TASK DESCRIPTION ▸ Make an exact copy of all the entries shown below.

--- RECORDS SUPPLIED Enclosed Below ---

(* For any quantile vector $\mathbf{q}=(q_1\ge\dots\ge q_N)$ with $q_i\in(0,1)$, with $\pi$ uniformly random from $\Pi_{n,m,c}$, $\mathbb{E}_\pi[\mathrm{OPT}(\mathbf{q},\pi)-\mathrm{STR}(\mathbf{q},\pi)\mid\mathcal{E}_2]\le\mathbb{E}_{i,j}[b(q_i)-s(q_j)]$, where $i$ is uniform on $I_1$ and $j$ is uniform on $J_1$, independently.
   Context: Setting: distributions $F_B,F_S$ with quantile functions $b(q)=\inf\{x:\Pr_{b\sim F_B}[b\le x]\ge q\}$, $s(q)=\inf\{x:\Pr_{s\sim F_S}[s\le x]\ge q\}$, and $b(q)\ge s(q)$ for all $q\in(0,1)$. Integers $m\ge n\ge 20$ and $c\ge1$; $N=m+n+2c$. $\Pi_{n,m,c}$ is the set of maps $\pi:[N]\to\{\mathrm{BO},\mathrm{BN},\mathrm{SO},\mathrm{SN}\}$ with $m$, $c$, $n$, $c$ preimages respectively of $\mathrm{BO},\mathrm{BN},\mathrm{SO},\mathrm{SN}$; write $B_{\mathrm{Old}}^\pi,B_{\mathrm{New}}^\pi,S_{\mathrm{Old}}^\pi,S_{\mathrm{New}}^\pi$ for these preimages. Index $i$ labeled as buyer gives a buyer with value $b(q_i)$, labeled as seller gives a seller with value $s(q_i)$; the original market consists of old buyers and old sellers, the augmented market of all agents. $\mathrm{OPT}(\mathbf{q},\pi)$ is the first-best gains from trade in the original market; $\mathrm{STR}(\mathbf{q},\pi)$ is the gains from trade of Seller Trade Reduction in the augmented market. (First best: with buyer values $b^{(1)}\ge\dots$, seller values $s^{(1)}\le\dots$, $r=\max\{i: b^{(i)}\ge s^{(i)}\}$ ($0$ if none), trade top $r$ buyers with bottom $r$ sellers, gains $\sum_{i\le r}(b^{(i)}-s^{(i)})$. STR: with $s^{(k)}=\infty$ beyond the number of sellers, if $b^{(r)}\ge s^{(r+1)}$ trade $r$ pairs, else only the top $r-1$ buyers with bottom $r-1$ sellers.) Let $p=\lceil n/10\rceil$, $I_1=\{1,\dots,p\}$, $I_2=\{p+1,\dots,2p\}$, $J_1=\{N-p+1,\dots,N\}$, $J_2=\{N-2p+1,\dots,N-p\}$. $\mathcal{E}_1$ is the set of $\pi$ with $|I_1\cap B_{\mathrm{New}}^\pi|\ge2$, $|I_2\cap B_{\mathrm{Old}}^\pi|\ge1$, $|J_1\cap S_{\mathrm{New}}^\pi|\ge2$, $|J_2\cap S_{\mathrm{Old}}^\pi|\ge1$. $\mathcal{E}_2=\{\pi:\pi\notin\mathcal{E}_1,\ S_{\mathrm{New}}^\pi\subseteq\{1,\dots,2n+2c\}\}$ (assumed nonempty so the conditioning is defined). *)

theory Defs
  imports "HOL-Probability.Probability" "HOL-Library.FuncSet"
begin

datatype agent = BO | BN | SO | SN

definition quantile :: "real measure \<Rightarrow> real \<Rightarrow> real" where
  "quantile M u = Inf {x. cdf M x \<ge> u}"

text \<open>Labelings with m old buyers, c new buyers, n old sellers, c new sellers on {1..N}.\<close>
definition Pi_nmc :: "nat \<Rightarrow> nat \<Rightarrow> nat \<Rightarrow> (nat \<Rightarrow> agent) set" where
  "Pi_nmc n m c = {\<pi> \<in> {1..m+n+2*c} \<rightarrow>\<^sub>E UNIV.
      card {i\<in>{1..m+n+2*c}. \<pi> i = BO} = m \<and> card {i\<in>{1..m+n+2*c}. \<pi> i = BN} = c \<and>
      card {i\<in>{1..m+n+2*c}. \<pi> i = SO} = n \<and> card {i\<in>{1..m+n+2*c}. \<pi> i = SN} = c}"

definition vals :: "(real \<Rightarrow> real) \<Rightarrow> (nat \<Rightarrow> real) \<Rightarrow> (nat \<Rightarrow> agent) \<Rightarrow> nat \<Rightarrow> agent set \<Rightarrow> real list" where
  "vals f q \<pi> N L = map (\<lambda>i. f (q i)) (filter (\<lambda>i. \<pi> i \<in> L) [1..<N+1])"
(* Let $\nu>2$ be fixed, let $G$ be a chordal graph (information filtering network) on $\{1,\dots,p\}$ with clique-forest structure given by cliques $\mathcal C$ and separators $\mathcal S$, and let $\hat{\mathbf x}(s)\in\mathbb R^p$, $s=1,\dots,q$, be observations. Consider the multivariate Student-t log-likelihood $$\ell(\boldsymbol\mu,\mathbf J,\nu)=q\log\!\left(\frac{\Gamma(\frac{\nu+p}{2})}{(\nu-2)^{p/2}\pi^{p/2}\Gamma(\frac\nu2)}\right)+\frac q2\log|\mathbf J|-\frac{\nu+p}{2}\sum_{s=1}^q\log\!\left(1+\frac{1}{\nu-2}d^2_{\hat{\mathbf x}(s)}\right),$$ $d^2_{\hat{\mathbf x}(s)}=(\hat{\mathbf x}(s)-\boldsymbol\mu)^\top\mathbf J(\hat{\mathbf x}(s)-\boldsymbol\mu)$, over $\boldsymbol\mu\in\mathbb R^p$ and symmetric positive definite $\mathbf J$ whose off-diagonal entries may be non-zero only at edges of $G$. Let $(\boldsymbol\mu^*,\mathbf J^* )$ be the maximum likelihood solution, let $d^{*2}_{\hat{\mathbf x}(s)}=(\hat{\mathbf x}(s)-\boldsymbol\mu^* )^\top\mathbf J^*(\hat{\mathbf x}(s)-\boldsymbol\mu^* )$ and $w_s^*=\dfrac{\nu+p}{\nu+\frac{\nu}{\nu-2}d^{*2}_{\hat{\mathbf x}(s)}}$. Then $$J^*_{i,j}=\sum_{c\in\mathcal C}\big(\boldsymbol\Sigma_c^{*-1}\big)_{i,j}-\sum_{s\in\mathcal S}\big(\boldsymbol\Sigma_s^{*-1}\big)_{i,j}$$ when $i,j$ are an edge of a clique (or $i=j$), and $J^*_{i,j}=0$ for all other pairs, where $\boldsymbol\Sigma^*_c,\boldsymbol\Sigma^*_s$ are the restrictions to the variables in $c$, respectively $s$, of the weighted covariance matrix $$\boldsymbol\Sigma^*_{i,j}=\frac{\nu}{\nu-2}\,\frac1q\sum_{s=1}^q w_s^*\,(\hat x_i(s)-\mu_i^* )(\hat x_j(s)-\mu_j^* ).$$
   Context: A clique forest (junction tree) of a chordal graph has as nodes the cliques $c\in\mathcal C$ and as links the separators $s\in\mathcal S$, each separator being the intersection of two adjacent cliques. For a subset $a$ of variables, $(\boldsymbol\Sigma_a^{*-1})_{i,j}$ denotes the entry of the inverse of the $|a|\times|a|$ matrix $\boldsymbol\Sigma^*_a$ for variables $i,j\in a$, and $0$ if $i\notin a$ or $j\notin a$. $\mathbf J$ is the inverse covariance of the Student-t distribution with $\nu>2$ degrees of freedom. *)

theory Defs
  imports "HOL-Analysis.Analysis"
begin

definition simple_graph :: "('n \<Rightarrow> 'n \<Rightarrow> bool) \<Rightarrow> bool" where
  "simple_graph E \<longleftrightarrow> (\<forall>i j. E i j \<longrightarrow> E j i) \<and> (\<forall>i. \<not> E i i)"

--- End of Enclosed RECORDS SUPPLIED ---

OUTPUT FOR THIS TASK ▸
(* For any quantile vector $\mathbf{q}=(q_1\ge\dots\ge q_N)$ with $q_i\in(0,1)$, with $\pi$ uniformly random from $\Pi_{n,m,c}$, $\mathbb{E}_\pi[\mathrm{OPT}(\mathbf{q},\pi)-\mathrm{STR}(\mathbf{q},\pi)\mid\mathcal{E}_2]\le\mathbb{E}_{i,j}[b(q_i)-s(q_j)]$, where $i$ is uniform on $I_1$ and $j$ is uniform on $J_1$, independently.
   Context: Setting: distributions $F_B,F_S$ with quantile functions $b(q)=\inf\{x:\Pr_{b\sim F_B}[b\le x]\ge q\}$, $s(q)=\inf\{x:\Pr_{s\sim F_S}[s\le x]\ge q\}$, and $b(q)\ge s(q)$ for all $q\in(0,1)$. Integers $m\ge n\ge 20$ and $c\ge1$; $N=m+n+2c$. $\Pi_{n,m,c}$ is the set of maps $\pi:[N]\to\{\mathrm{BO},\mathrm{BN},\mathrm{SO},\mathrm{SN}\}$ with $m$, $c$, $n$, $c$ preimages respectively of $\mathrm{BO},\mathrm{BN},\mathrm{SO},\mathrm{SN}$; write $B_{\mathrm{Old}}^\pi,B_{\mathrm{New}}^\pi,S_{\mathrm{Old}}^\pi,S_{\mathrm{New}}^\pi$ for these preimages. Index $i$ labeled as buyer gives a buyer with value $b(q_i)$, labeled as seller gives a seller with value $s(q_i)$; the original market consists of old buyers and old sellers, the augmented market of all agents. $\mathrm{OPT}(\mathbf{q},\pi)$ is the first-best gains from trade in the original market; $\mathrm{STR}(\mathbf{q},\pi)$ is the gains from trade of Seller Trade Reduction in the augmented market. (First best: with buyer values $b^{(1)}\ge\dots$, seller values $s^{(1)}\le\dots$, $r=\max\{i: b^{(i)}\ge s^{(i)}\}$ ($0$ if none), trade top $r$ buyers with bottom $r$ sellers, gains $\sum_{i\le r}(b^{(i)}-s^{(i)})$. STR: with $s^{(k)}=\infty$ beyond the number of sellers, if $b^{(r)}\ge s^{(r+1)}$ trade $r$ pairs, else only the top $r-1$ buyers with bottom $r-1$ sellers.) Let $p=\lceil n/10\rceil$, $I_1=\{1,\dots,p\}$, $I_2=\{p+1,\dots,2p\}$, $J_1=\{N-p+1,\dots,N\}$, $J_2=\{N-2p+1,\dots,N-p\}$. $\mathcal{E}_1$ is the set of $\pi$ with $|I_1\cap B_{\mathrm{New}}^\pi|\ge2$, $|I_2\cap B_{\mathrm{Old}}^\pi|\ge1$, $|J_1\cap S_{\mathrm{New}}^\pi|\ge2$, $|J_2\cap S_{\mathrm{Old}}^\pi|\ge1$. $\mathcal{E}_2=\{\pi:\pi\notin\mathcal{E}_1,\ S_{\mathrm{New}}^\pi\subseteq\{1,\dots,2n+2c\}\}$ (assumed nonempty so the conditioning is defined). *)

theory Defs
  imports "HOL-Probability.Probability" "HOL-Library.FuncSet"
begin

datatype agent = BO | BN | SO | SN

definition quantile :: "real measure \<Rightarrow> real \<Rightarrow> real" where
  "quantile M u = Inf {x. cdf M x \<ge> u}"

text \<open>Labelings with m old buyers, c new buyers, n old sellers, c new sellers on {1..N}.\<close>
definition Pi_nmc :: "nat \<Rightarrow> nat \<Rightarrow> nat \<Rightarrow> (nat \<Rightarrow> agent) set" where
  "Pi_nmc n m c = {\<pi> \<in> {1..m+n+2*c} \<rightarrow>\<^sub>E UNIV.
      card {i\<in>{1..m+n+2*c}. \<pi> i = BO} = m \<and> card {i\<in>{1..m+n+2*c}. \<pi> i = BN} = c \<and>
      card {i\<in>{1..m+n+2*c}. \<pi> i = SO} = n \<and> card {i\<in>{1..m+n+2*c}. \<pi> i = SN} = c}"

definition vals :: "(real \<Rightarrow> real) \<Rightarrow> (nat \<Rightarrow> real) \<Rightarrow> (nat \<Rightarrow> agent) \<Rightarrow> nat \<Rightarrow> agent set \<Rightarrow> real list" where
  "vals f q \<pi> N L = map (\<lambda>i. f (q i)) (filter (\<lambda>i. \<pi> i \<in> L) [1..<N+1])"
(* Let $\nu>2$ be fixed, let $G$ be a chordal graph (information filtering network) on $\{1,\dots,p\}$ with clique-forest structure given by cliques $\mathcal C$ and separators $\mathcal S$, and let $\hat{\mathbf x}(s)\in\mathbb R^p$, $s=1,\dots,q$, be observations. Consider the multivariate Student-t log-likelihood $$\ell(\boldsymbol\mu,\mathbf J,\nu)=q\log\!\left(\frac{\Gamma(\frac{\nu+p}{2})}{(\nu-2)^{p/2}\pi^{p/2}\Gamma(\frac\nu2)}\right)+\frac q2\log|\mathbf J|-\frac{\nu+p}{2}\sum_{s=1}^q\log\!\left(1+\frac{1}{\nu-2}d^2_{\hat{\mathbf x}(s)}\right),$$ $d^2_{\hat{\mathbf x}(s)}=(\hat{\mathbf x}(s)-\boldsymbol\mu)^\top\mathbf J(\hat{\mathbf x}(s)-\boldsymbol\mu)$, over $\boldsymbol\mu\in\mathbb R^p$ and symmetric positive definite $\mathbf J$ whose off-diagonal entries may be non-zero only at edges of $G$. Let $(\boldsymbol\mu^*,\mathbf J^* )$ be the maximum likelihood solution, let $d^{*2}_{\hat{\mathbf x}(s)}=(\hat{\mathbf x}(s)-\boldsymbol\mu^* )^\top\mathbf J^*(\hat{\mathbf x}(s)-\boldsymbol\mu^* )$ and $w_s^*=\dfrac{\nu+p}{\nu+\frac{\nu}{\nu-2}d^{*2}_{\hat{\mathbf x}(s)}}$. Then $$J^*_{i,j}=\sum_{c\in\mathcal C}\big(\boldsymbol\Sigma_c^{*-1}\big)_{i,j}-\sum_{s\in\mathcal S}\big(\boldsymbol\Sigma_s^{*-1}\big)_{i,j}$$ when $i,j$ are an edge of a clique (or $i=j$), and $J^*_{i,j}=0$ for all other pairs, where $\boldsymbol\Sigma^*_c,\boldsymbol\Sigma^*_s$ are the restrictions to the variables in $c$, respectively $s$, of the weighted covariance matrix $$\boldsymbol\Sigma^*_{i,j}=\frac{\nu}{\nu-2}\,\frac1q\sum_{s=1}^q w_s^*\,(\hat x_i(s)-\mu_i^* )(\hat x_j(s)-\mu_j^* ).$$
   Context: A clique forest (junction tree) of a chordal graph has as nodes the cliques $c\in\mathcal C$ and as links the separators $s\in\mathcal S$, each separator being the intersection of two adjacent cliques. For a subset $a$ of variables, $(\boldsymbol\Sigma_a^{*-1})_{i,j}$ denotes the entry of the inverse of the $|a|\times|a|$ matrix $\boldsymbol\Sigma^*_a$ for variables $i,j\in a$, and $0$ if $i\notin a$ or $j\notin a$. $\mathbf J$ is the inverse covariance of the Student-t distribution with $\nu>2$ degrees of freedom. *)

theory Defs
  imports "HOL-Analysis.Analysis"
begin

definition simple_graph :: "('n \<Rightarrow> 'n \<Rightarrow> bool) \<Rightarrow> bool" where
  "simple_graph E \<longleftrightarrow> (\<forall>i j. E i j \<longrightarrow> E j i) \<and> (\<forall>i. \<not> E i i)"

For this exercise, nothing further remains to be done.